Arrive on time. By being punctual, this shows you respect others. Arriving early allows you to compose yourself and prepare for the meeting or event.
Don’t Gossip. Don’t let gossip get the better of you. It is a killer in a work setting and in a personal setting-it destroys your reputation as well as the person you are gossiping about, and … it diminishes your leadership potential.
Dress for the job you want, not the job you have. Look at what the people in the position you aspire to, are wearing. Always be well groomed, with a neat appearance: combed hair, teeth brushed, clean clothes, etc.
Use emails carefully. Make sure you check your email before you send it, review it to see if it looks and sounds professional, check for spelling, grammar, and tone.
Exercise patience-it is a sign of emotional intelligence!
What does etiquette and good manners have to do with leadership?

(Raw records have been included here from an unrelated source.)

lemma abstract_reaches_shrinks:
  assumes "abstract_reaches A u ((q, \<sigma>, p), X) ((q', \<sigma>', p'), X')"
  shows "X' \<subseteq> X \<and> length \<sigma>' = length \<sigma>"
  using assms unfolding abstract_reaches_def
proof (induction "((q', \<sigma>', p'), X')" arbitrary: q' \<sigma>' p' X' rule: rtranclp_induct)
  case (step t)
  then obtain q1 \<sigma>1 p1 X1 where "t = ((q1, \<sigma>1, p1), X1)" by (metis prod.collapse)
  with step show ?case
    by (auto simp: abstract_step_def split: if_splits stepres.splits dest!: step_length)
qed simp

lemma abstract_step_ABranch:
  assumes "abstract_step A u ((q, \<sigma>, p), X) = ABranch"
  obtains i j resp where "delta A q = (QEq i j, resp)" and "i \<in> X \<or> j \<in> X"
proof -
  obtain qu resp where "delta A q = (qu, resp)" by fastforce
  with assms that show thesis
    by (cases qu) (auto simp: abstract_step_def tested_regs_def split: if_splits stepres.splits)
qed

lemma branch_step_shrinks:
  assumes "abstract_step A u ((q, \<sigma>, p), X) = ABranch"
    and "branch_step A u ((q, \<sigma>, p), X) b = (Cont (q', \<sigma>', p'), X')"
  shows "X' \<subset> X \<and> length \<sigma>' = length \<sigma>"
proof -
  obtain i j resp where d: "delta A q = (QEq i j, resp)" and "i \<in> X \<or> j \<in> X"
    using assms(1) by (rule abstract_step_ABranch)
  with assms(2) show ?thesis
    by (auto simp: branch_step_def split: prod.splits dest!: do_action_length)
qed

definition run_supported :: "'q sutwa \<Rightarrow> letter list \<Rightarrow> 'q abstract_config \<Rightarrow> atom list \<Rightarrow> bool" where
  "run_supported A u t S \<longleftrightarrow> (case t of ((q, \<sigma>, p), X) \<Rightarrow>
     \<forall>\<pi> \<eta>1 \<eta>2. bij \<pi> \<longrightarrow> (\<forall>a\<in>set S. \<pi> a = a) \<longrightarrow> regs_agree (nregs A) \<pi> \<sigma> X \<eta>1 \<eta>2 \<longrightarrow>
       run_outcome A u (q, \<eta>1, p) = outcome_perm \<pi> (run_outcome A u (q, \<eta>2, p)))"
text \<open>Changing \<open>\<alpha>\<^sub>i\<close> alone moves \<open>\<Delta>\<alpha>\<^sub>i\<close> with slope \<open>-2\<close> and \<open>\<Delta>\<alpha>\<^sub>j\<close> with slope \<open>\<ge> 0\<close>.\<close>
lemma null_sets_lap_diff_eq:
  assumes i: "i < L" and j: "j < L" and ij: "i \<noteq> j"
  shows "{\<alpha> \<in> space (disorder L). lap L \<alpha> i - lap L \<alpha> j = (c0 :: real)} \<in> null_sets (disorder L)"
proof -
  define c :: real where "c = - 2 - (of_bool (prev_site L j = i) + of_bool (next_site L j = i))"
  have c: "c < 0"
    by (simp add: c_def)
  have "prev_site L i \<noteq> i" "next_site L i \<noteq> i"
    using i j ij by (auto simp: prev_site_eq next_site_eq)
  then have slope: "lap L (\<alpha>(i := t)) i - lap L (\<alpha>(i := t)) j = lap L \<alpha> i - lap L \<alpha> j + c * (t - \<alpha> i)"
    for \<alpha> t
    using i j ij by (simp add: lap_eq c_def algebra_simps)
  define h where "h \<alpha> = \<alpha> i - (lap L \<alpha> i - lap L \<alpha> j - c0) / c" for \<alpha> :: "nat \<Rightarrow> real"
  have h_indep: "h (\<alpha>(i := t)) = h \<alpha>" for \<alpha> t
    using c by (simp add: h_def slope field_simps)
  have h_meas: "h \<in> borel_measurable (disorder L)"
    using measurable_component_disorder[OF i] measurable_lap_disorder[OF i] measurable_lap_disorder[OF j]
    unfolding h_def by measurable
  have "{\<alpha> \<in> space (disorder L). \<alpha> i = h \<alpha>} \<in> null_sets (disorder L)"
    unfolding disorder_def
    by (rule null_sets_coordinate_graph[OF disorder_product_sigma_finite])
      (use i h_indep h_meas in \<open>auto simp: disorder_def emeasure_lborel_Int_singleton\<close>)
  moreover have "{\<alpha> \<in> space (disorder L). lap L \<alpha> i - lap L \<alpha> j = c0} = {\<alpha> \<in> space (disorder L). \<alpha> i = h \<alpha>}"
    using c by (auto simp: h_def field_simps)
  ultimately show ?thesis
    by simp
qed

lemma AE_inj_on_omega: "AE \<alpha> in disorder L. inj_on (omega L \<alpha>) {..<L}"
proof (rule AE_I')
  define N where "N = (\<lambda>(i :: nat, j :: nat, n :: int). if i < L \<and> j < L \<and> i \<noteq> j then
      {\<alpha> \<in> space (disorder L). lap L \<alpha> i - lap L \<alpha> j = of_int n} else {})"
  show "(\<Union>x. N x) \<in> null_sets (disorder L)"
    by (rule null_sets_UN) (auto simp: N_def intro: null_sets_lap_diff_eq)
  show "{\<alpha> \<in> space (disorder L). \<not> inj_on (omega L \<alpha>) {..<L}} \<subseteq> (\<Union>x. N x)"
  proof safe
    fix \<alpha> assume "\<alpha> \<in> space (disorder L)" "\<not> inj_on (omega L \<alpha>) {..<L}"
    then obtain i j where "i < L" "j < L" "i \<noteq> j" "omega L \<alpha> i = omega L \<alpha> j"
      by (auto simp: inj_on_def)
    then have "\<alpha> \<in> N (i, j, rnd L \<alpha> i - rnd L \<alpha> j)"
      using \<open>\<alpha> \<in> space (disorder L)\<close> by (simp add: N_def omega_def)
    then show "\<alpha> \<in> (\<Union>x. N x)" by blast
  qed
qed

theorem theorem1:
  fixes L :: nat
  assumes "0 < L"
  shows "AE \<alpha> in disorder L.
           (\<exists>m. threshold_config L \<alpha> m)
         \<and> (\<forall>m1 m2. threshold_config L \<alpha> m1 \<and> threshold_config L \<alpha> m2 \<longrightarrow>
               (\<exists>c::int. \<forall>i<L. m1 i = m2 i + c))
         \<and> (\<forall>m. threshold_config L \<alpha> m \<longrightarrow>
               (\<forall>i<L. lap L m i = - rnd L \<alpha> i + Jvec L \<alpha> i
                                  - (if int i = kplus L \<alpha> then 1 else 0)))"
  using AE_inj_on_omega
proof (rule eventually_mono)
  fix \<alpha> assume "inj_on (omega L \<alpha>) {..<L}"
  then obtain ms where lap_ms: "\<forall>i<L. lap L ms i = opt_profile L \<alpha> i - rnd L \<alpha> i"
    and threshold: "\<And>m. threshold_config L \<alpha> m \<longleftrightarrow> (\<forall>i<L. lap L m i = lap L ms i)"
    using threshold_config_characterization[OF assms] by blast
  show "(\<exists>m. threshold_config L \<alpha> m)
         \<and> (\<forall>m1 m2. threshold_config L \<alpha> m1 \<and> threshold_config L \<alpha> m2 \<longrightarrow>
               (\<exists>c::int. \<forall>i<L. m1 i = m2 i + c))
         \<and> (\<forall>m. threshold_config L \<alpha> m \<longrightarrow>
               (\<forall>i<L. lap L m i = - rnd L \<alpha> i + Jvec L \<alpha> i
                                  - (if int i = kplus L \<alpha> then 1 else 0)))"
  proof (intro conjI allI impI)
    show "\<exists>m. threshold_config L \<alpha> m"
      using threshold by blast
    fix m1 m2 assume "threshold_config L \<alpha> m1 \<and> threshold_config L \<alpha> m2"
    then show "\<exists>c. \<forall>i<L. m1 i = m2 i + c"
      using threshold lap_eq_imp_shift[of L m1 m2] by simp
  next
    fix m i assume "threshold_config L \<alpha> m" "i < L"
    then show "lap L m i = - rnd L \<alpha> i + Jvec L \<alpha> i - (if int i = kplus L \<alpha> then 1 else 0)"
      using threshold lap_ms by (simp add: opt_profile_def)
  qed
qed

end
lemma P0_add: "v \<in> P0 \<T> \<Longrightarrow> w \<in> P0 \<T> \<Longrightarrow> (\<lambda>x. v x + w x) \<in> P0 \<T>"
  unfolding P0_def by auto metis

lemma P0_diff: "v \<in> P0 \<T> \<Longrightarrow> w \<in> P0 \<T> \<Longrightarrow> (\<lambda>x. v x - w x) \<in> P0 \<T>"
  unfolding P0_def by auto metis

lemma P0_const: "(\<lambda>x. c) \<in> P0 \<T>"
  unfolding P0_def by auto

lemma RT0_uminus:
  assumes \<sigma>: "\<sigma> \<in> RT0 \<T> \<Omega>"
  shows "(\<lambda>x. - \<sigma> x) \<in> RT0 \<T> \<Omega>"
proof -
  have "\<exists>a b. \<forall>x\<in>interior T. - \<sigma> x = a + b *\<^sub>R x" if T: "T \<in> \<T>" for T
  proof -
    obtain a b where "\<forall>x\<in>interior T. \<sigma> x = a + b *\<^sub>R x" using \<sigma> T unfolding RT0_def by blast
    then show ?thesis by (intro exI[of _ "- a"] exI[of _ "- b"]) simp
  qed
  then show ?thesis using \<sigma> Hdiv_uminus unfolding RT0_def by blast
qed

locale simplicial_mesh = bounded_open_domain \<Omega> for \<Omega> :: "(real^'n::finite) set" +
  fixes \<T> :: "(real^'n) set set"
  assumes mesh: "conforming_simplicial_mesh \<T> \<Omega>"
begin

lemma finite_mesh: "finite \<T>"
  using mesh by (simp add: conforming_simplicial_mesh_def)

lemma element_simplex: "T \<in> \<T> \<Longrightarrow> int CARD('n) simplex T"
  using mesh by (simp add: conforming_simplicial_mesh_def)

lemma Union_mesh: "\<Union>\<T> = closure \<Omega>"
  using mesh by (simp add: conforming_simplicial_mesh_def)

lemma element_Int_face_of: "T1 \<in> \<T> \<Longrightarrow> T2 \<in> \<T> \<Longrightarrow> (T1 \<inter> T2) face_of T1"
  using mesh by (simp add: conforming_simplicial_mesh_def)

It,
- Teaches us about cultural norms to help us understand what is expected of us, if we are in a new place or, situation and feel unsure.
- Paves the way for success at work and in life.
- Makes for quality leaders and a civil society.
- Creates self-confidence. When we understand the norms, we become more confident because we know what is expected of us.
- Promotes effective communication between people or groups. Helps children learn how to fit into society from a young age.
- Protects the feelings of others by teaching tolerance and patience.
“Politeness is a sign of dignity, not subservience.”President Theodore Roosevelt
I challenge you to consider areas in your life where you can improve your manners and etiquette.
Let’s start a movement of good manners and civility!